- [WORK INSTRUCTIONS] Where in the listing does the string "lemma" appear? Copy every line that holds it.

- [TASK MATERIAL]
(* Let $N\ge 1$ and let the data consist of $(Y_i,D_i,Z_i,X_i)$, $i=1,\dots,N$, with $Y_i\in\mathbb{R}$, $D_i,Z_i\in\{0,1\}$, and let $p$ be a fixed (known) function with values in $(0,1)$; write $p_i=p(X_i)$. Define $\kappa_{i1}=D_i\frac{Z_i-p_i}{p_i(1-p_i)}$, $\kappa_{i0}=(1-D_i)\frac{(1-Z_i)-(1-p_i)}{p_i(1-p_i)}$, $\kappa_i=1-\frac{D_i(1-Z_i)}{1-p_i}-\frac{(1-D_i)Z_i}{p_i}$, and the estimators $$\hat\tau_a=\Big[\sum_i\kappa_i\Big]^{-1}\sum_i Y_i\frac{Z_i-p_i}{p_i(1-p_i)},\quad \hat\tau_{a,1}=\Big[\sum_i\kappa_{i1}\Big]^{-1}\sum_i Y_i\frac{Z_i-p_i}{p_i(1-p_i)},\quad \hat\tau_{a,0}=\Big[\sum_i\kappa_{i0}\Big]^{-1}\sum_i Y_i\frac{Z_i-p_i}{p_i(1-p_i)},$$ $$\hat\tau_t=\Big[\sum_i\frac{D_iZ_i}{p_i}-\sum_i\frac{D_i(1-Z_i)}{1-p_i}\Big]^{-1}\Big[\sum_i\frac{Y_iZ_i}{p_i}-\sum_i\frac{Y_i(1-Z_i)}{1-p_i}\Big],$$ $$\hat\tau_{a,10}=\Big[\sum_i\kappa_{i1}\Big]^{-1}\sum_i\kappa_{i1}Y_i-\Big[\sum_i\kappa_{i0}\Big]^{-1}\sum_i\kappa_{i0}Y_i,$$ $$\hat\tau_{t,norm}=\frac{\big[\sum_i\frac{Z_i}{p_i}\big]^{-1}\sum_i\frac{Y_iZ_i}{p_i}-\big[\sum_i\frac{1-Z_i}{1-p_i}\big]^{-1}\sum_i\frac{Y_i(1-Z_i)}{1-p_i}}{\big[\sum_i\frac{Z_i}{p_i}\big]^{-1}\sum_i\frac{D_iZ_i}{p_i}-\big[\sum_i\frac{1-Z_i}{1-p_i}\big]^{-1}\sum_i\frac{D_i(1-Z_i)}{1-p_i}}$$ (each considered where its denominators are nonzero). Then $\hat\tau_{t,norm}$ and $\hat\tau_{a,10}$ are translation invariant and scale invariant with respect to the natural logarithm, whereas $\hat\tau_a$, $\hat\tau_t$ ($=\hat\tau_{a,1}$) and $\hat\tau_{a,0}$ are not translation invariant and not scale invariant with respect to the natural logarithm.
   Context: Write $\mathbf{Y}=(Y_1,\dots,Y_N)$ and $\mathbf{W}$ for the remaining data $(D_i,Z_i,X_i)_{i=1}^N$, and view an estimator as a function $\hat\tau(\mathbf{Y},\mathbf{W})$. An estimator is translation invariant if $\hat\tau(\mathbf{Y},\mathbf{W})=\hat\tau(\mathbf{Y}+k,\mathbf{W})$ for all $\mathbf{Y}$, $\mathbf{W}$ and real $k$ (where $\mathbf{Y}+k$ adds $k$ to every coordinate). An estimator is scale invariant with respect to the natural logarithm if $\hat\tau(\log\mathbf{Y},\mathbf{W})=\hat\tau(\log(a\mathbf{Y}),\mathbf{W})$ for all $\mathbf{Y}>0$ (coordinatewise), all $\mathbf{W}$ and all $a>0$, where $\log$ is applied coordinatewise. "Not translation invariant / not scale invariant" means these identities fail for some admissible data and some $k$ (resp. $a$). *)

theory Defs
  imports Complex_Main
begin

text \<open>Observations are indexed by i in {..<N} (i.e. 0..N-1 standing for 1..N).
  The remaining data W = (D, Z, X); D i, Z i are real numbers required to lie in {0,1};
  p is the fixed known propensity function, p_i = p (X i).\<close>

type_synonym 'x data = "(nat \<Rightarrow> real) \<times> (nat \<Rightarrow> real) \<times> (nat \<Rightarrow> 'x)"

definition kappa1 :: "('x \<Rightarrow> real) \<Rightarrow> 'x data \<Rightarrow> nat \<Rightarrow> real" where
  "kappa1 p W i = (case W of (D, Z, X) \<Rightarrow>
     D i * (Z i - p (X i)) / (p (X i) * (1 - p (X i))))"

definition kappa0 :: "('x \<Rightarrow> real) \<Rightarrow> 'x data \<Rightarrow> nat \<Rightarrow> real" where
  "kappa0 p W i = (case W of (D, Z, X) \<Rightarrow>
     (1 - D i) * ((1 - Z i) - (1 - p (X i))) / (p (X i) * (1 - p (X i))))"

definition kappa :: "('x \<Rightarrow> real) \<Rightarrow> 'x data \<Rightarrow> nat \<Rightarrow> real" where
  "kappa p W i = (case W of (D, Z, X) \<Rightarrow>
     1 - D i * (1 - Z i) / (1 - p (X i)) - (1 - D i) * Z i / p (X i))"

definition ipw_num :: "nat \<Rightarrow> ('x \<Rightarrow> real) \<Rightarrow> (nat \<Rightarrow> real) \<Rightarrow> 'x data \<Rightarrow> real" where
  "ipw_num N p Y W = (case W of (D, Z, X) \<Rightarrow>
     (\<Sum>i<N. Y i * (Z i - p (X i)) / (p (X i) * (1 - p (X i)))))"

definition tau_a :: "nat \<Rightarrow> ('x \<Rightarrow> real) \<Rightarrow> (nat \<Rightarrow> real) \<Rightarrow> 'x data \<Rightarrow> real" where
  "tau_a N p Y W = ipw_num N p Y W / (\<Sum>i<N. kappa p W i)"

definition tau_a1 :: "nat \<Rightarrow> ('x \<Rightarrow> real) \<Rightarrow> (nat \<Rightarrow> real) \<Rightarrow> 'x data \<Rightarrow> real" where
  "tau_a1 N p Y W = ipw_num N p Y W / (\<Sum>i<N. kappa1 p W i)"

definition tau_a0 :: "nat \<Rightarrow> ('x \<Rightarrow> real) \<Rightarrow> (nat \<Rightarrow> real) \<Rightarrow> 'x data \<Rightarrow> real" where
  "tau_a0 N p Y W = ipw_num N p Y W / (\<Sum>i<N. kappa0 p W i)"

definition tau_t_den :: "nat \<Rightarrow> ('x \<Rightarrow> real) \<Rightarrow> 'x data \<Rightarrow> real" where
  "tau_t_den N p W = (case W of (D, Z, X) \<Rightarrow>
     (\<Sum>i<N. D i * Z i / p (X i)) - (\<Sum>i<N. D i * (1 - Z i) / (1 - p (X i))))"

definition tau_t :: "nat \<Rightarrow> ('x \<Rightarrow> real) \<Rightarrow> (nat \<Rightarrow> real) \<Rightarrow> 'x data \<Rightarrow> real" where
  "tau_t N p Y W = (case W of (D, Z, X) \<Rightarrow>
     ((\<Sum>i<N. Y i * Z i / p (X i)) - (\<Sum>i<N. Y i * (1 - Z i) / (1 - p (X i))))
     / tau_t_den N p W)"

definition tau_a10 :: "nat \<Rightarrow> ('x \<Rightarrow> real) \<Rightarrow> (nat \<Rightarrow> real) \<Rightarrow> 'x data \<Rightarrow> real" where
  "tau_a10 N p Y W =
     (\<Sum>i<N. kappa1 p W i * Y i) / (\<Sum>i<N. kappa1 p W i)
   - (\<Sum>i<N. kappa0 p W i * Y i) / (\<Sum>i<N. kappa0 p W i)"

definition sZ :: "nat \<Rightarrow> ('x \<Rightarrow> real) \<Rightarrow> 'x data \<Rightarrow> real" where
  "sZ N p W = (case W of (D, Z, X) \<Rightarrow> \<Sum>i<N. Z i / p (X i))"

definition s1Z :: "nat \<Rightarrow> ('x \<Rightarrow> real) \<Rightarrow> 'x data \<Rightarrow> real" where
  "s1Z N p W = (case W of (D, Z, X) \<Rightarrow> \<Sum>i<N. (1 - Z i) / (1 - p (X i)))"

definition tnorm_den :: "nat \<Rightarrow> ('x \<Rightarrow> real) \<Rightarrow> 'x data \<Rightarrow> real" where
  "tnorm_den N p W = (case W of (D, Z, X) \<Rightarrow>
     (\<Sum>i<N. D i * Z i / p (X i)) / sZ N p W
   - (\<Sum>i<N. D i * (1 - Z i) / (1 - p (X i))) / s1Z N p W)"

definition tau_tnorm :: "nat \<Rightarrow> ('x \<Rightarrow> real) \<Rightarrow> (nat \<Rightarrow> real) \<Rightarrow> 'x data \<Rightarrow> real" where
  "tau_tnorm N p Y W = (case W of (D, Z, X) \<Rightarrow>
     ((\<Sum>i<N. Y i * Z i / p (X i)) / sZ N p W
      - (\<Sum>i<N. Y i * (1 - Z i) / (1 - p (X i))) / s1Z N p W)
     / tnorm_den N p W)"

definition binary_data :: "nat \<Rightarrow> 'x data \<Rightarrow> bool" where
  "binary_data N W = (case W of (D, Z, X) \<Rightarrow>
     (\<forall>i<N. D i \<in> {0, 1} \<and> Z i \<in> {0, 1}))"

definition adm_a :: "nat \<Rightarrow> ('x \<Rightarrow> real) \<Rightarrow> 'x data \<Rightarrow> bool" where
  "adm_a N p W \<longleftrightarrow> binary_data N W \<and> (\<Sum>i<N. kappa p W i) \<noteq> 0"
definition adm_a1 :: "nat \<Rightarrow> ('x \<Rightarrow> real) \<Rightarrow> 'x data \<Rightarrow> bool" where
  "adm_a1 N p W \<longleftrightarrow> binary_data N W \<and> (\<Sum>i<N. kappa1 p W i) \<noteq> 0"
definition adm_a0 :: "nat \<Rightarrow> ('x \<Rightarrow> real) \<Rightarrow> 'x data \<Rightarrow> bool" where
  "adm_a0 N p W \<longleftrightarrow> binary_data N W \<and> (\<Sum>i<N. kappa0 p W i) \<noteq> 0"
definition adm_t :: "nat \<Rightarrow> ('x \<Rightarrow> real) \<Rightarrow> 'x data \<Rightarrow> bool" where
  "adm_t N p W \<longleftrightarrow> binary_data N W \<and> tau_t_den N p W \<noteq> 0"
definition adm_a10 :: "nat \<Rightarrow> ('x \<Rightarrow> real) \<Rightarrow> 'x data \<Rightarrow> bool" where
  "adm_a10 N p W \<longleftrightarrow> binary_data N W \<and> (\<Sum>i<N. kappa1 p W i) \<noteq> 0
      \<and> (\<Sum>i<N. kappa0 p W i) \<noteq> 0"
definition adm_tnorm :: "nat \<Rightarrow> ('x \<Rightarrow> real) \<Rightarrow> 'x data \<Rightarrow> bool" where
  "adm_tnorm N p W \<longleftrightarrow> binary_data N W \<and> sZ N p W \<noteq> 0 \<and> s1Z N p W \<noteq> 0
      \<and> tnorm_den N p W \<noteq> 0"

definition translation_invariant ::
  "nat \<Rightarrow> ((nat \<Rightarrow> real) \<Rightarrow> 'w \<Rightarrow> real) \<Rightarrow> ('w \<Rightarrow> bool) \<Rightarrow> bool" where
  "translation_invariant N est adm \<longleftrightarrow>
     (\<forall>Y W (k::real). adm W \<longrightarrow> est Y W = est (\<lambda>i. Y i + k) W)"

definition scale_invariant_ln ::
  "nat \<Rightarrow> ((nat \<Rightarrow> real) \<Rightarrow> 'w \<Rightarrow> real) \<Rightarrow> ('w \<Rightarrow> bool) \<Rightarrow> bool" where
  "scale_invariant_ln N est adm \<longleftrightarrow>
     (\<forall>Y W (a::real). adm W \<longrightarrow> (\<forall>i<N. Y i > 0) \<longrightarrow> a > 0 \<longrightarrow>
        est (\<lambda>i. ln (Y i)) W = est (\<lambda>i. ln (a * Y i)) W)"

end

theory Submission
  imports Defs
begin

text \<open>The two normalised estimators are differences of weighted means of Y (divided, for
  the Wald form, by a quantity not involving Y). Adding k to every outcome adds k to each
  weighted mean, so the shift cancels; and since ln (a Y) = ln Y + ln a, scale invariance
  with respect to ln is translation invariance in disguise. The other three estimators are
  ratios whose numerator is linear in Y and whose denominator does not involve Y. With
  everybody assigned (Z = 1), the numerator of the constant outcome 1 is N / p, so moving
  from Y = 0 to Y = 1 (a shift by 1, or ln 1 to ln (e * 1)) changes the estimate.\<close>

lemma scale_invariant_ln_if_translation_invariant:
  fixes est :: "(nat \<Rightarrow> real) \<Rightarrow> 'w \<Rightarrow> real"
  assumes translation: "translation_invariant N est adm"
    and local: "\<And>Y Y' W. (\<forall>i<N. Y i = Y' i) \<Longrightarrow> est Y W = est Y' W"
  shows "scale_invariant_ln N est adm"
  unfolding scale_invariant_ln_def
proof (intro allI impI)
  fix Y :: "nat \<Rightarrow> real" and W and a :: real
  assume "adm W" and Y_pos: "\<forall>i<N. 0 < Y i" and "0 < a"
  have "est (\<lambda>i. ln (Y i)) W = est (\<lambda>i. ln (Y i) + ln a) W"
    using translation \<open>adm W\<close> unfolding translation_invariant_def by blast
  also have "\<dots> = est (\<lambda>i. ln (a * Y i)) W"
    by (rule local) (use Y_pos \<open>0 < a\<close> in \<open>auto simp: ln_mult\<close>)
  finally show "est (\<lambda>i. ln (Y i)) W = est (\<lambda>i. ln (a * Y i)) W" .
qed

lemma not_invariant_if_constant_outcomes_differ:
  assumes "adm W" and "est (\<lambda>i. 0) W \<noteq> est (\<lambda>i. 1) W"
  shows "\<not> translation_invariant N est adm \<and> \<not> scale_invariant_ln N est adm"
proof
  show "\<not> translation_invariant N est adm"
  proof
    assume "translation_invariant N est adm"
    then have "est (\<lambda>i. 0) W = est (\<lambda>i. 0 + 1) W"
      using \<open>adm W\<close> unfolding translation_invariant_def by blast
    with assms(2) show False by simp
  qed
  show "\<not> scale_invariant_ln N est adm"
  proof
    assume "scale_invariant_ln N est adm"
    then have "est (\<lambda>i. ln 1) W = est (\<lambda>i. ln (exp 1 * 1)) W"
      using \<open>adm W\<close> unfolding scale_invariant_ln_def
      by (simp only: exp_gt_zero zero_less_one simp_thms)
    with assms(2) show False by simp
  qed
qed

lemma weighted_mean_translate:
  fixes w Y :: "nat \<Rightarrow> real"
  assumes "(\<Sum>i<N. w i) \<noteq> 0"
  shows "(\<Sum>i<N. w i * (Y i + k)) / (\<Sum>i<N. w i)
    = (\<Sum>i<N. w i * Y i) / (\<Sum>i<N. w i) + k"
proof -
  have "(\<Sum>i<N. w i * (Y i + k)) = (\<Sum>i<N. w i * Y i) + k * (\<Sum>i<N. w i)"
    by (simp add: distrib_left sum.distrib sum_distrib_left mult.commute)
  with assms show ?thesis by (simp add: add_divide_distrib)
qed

- [ANSWER SECTION]
lemma scale_invariant_ln_if_translation_invariant:
lemma not_invariant_if_constant_outcomes_differ:
lemma weighted_mean_translate:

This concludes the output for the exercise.